+++ Given entries

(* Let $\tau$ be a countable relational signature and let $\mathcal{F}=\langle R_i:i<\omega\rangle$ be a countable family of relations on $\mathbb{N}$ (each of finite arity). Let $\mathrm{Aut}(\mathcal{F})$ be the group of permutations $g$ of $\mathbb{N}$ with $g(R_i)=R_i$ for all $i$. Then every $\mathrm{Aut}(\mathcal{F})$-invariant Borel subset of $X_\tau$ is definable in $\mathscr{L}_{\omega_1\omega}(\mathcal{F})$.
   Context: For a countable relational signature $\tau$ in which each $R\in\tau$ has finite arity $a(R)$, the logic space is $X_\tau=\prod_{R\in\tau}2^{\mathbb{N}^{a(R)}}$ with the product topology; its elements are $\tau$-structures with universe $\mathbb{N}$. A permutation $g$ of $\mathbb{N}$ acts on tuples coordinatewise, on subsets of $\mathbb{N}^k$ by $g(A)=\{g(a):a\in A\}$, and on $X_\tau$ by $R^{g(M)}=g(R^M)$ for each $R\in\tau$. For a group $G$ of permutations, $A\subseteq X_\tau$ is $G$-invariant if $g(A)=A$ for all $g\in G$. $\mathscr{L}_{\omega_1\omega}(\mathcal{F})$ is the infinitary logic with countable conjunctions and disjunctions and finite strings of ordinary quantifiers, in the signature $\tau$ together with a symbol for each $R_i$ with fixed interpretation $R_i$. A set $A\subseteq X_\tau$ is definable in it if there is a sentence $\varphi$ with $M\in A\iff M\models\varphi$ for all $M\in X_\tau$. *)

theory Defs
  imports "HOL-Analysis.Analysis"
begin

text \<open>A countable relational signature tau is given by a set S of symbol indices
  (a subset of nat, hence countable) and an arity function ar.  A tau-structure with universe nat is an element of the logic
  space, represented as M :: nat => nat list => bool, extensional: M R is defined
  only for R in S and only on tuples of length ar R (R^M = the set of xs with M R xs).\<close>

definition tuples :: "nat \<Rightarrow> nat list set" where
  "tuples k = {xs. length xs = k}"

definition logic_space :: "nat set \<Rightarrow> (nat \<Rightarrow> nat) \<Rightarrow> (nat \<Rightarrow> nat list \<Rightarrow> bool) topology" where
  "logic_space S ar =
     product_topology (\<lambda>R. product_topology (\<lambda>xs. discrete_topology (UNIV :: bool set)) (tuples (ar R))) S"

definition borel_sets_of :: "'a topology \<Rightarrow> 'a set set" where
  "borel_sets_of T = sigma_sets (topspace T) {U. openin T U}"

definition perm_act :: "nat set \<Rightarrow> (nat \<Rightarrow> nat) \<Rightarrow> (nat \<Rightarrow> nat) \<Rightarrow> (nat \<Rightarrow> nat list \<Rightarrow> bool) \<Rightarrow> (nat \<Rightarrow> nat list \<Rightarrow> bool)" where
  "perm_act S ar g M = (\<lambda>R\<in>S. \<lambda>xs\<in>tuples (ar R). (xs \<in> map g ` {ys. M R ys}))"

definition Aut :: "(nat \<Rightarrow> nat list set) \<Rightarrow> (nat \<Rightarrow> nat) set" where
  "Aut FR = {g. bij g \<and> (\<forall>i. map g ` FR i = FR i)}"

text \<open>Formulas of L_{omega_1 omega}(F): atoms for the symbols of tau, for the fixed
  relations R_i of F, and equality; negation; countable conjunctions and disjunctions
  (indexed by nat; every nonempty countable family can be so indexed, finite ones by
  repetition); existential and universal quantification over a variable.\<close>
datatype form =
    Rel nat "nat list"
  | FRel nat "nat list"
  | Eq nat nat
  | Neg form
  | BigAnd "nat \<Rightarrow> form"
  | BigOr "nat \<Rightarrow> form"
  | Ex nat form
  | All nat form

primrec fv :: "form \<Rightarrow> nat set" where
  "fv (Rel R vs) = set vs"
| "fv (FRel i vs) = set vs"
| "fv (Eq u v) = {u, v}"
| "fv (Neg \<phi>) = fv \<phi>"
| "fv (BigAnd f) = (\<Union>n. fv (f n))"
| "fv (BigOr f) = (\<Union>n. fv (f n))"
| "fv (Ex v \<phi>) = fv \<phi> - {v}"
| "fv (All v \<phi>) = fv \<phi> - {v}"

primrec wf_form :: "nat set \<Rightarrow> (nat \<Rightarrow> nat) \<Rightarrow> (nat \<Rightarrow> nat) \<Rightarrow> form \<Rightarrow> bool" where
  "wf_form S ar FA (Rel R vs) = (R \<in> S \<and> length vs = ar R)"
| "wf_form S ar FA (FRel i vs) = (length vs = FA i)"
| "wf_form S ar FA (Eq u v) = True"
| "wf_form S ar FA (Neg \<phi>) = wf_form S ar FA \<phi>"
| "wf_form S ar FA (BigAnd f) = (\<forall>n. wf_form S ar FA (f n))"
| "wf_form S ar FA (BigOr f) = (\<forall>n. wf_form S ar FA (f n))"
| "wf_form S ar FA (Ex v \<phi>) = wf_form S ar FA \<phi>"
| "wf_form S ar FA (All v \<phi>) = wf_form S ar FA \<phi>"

++++++

**What you should do:**
In full and verbatim, transcribe the data.

**Result:**
(* Let $\tau$ be a countable relational signature and let $\mathcal{F}=\langle R_i:i<\omega\rangle$ be a countable family of relations on $\mathbb{N}$ (each of finite arity). Let $\mathrm{Aut}(\mathcal{F})$ be the group of permutations $g$ of $\mathbb{N}$ with $g(R_i)=R_i$ for all $i$. Then every $\mathrm{Aut}(\mathcal{F})$-invariant Borel subset of $X_\tau$ is definable in $\mathscr{L}_{\omega_1\omega}(\mathcal{F})$.
   Context: For a countable relational signature $\tau$ in which each $R\in\tau$ has finite arity $a(R)$, the logic space is $X_\tau=\prod_{R\in\tau}2^{\mathbb{N}^{a(R)}}$ with the product topology; its elements are $\tau$-structures with universe $\mathbb{N}$. A permutation $g$ of $\mathbb{N}$ acts on tuples coordinatewise, on subsets of $\mathbb{N}^k$ by $g(A)=\{g(a):a\in A\}$, and on $X_\tau$ by $R^{g(M)}=g(R^M)$ for each $R\in\tau$. For a group $G$ of permutations, $A\subseteq X_\tau$ is $G$-invariant if $g(A)=A$ for all $g\in G$. $\mathscr{L}_{\omega_1\omega}(\mathcal{F})$ is the infinitary logic with countable conjunctions and disjunctions and finite strings of ordinary quantifiers, in the signature $\tau$ together with a symbol for each $R_i$ with fixed interpretation $R_i$. A set $A\subseteq X_\tau$ is definable in it if there is a sentence $\varphi$ with $M\in A\iff M\models\varphi$ for all $M\in X_\tau$. *)

theory Defs
  imports "HOL-Analysis.Analysis"
begin

text \<open>A countable relational signature tau is given by a set S of symbol indices
  (a subset of nat, hence countable) and an arity function ar.  A tau-structure with universe nat is an element of the logic
  space, represented as M :: nat => nat list => bool, extensional: M R is defined
  only for R in S and only on tuples of length ar R (R^M = the set of xs with M R xs).\<close>

definition tuples :: "nat \<Rightarrow> nat list set" where
  "tuples k = {xs. length xs = k}"

definition logic_space :: "nat set \<Rightarrow> (nat \<Rightarrow> nat) \<Rightarrow> (nat \<Rightarrow> nat list \<Rightarrow> bool) topology" where
  "logic_space S ar =
     product_topology (\<lambda>R. product_topology (\<lambda>xs. discrete_topology (UNIV :: bool set)) (tuples (ar R))) S"

definition borel_sets_of :: "'a topology \<Rightarrow> 'a set set" where
  "borel_sets_of T = sigma_sets (topspace T) {U. openin T U}"

definition perm_act :: "nat set \<Rightarrow> (nat \<Rightarrow> nat) \<Rightarrow> (nat \<Rightarrow> nat) \<Rightarrow> (nat \<Rightarrow> nat list \<Rightarrow> bool) \<Rightarrow> (nat \<Rightarrow> nat list \<Rightarrow> bool)" where
  "perm_act S ar g M = (\<lambda>R\<in>S. \<lambda>xs\<in>tuples (ar R). (xs \<in> map g ` {ys. M R ys}))"

definition Aut :: "(nat \<Rightarrow> nat list set) \<Rightarrow> (nat \<Rightarrow> nat) set" where
  "Aut FR = {g. bij g \<and> (\<forall>i. map g ` FR i = FR i)}"

text \<open>Formulas of L_{omega_1 omega}(F): atoms for the symbols of tau, for the fixed
  relations R_i of F, and equality; negation; countable conjunctions and disjunctions
  (indexed by nat; every nonempty countable family can be so indexed, finite ones by
  repetition); existential and universal quantification over a variable.\<close>
datatype form =
    Rel nat "nat list"
  | FRel nat "nat list"
  | Eq nat nat
  | Neg form
  | BigAnd "nat \<Rightarrow> form"
  | BigOr "nat \<Rightarrow> form"
  | Ex nat form
  | All nat form

primrec fv :: "form \<Rightarrow> nat set" where
  "fv (Rel R vs) = set vs"
| "fv (FRel i vs) = set vs"
| "fv (Eq u v) = {u, v}"
| "fv (Neg \<phi>) = fv \<phi>"
| "fv (BigAnd f) = (\<Union>n. fv (f n))"
| "fv (BigOr f) = (\<Union>n. fv (f n))"
| "fv (Ex v \<phi>) = fv \<phi> - {v}"
| "fv (All v \<phi>) = fv \<phi> - {v}"

primrec wf_form :: "nat set \<Rightarrow> (nat \<Rightarrow> nat) \<Rightarrow> (nat \<Rightarrow> nat) \<Rightarrow> form \<Rightarrow> bool" where
  "wf_form S ar FA (Rel R vs) = (R \<in> S \<and> length vs = ar R)"
| "wf_form S ar FA (FRel i vs) = (length vs = FA i)"
| "wf_form S ar FA (Eq u v) = True"
| "wf_form S ar FA (Neg \<phi>) = wf_form S ar FA \<phi>"
| "wf_form S ar FA (BigAnd f) = (\<forall>n. wf_form S ar FA (f n))"
| "wf_form S ar FA (BigOr f) = (\<forall>n. wf_form S ar FA (f n))"
| "wf_form S ar FA (Ex v \<phi>) = wf_form S ar FA \<phi>"
| "wf_form S ar FA (All v \<phi>) = wf_form S ar FA \<phi>"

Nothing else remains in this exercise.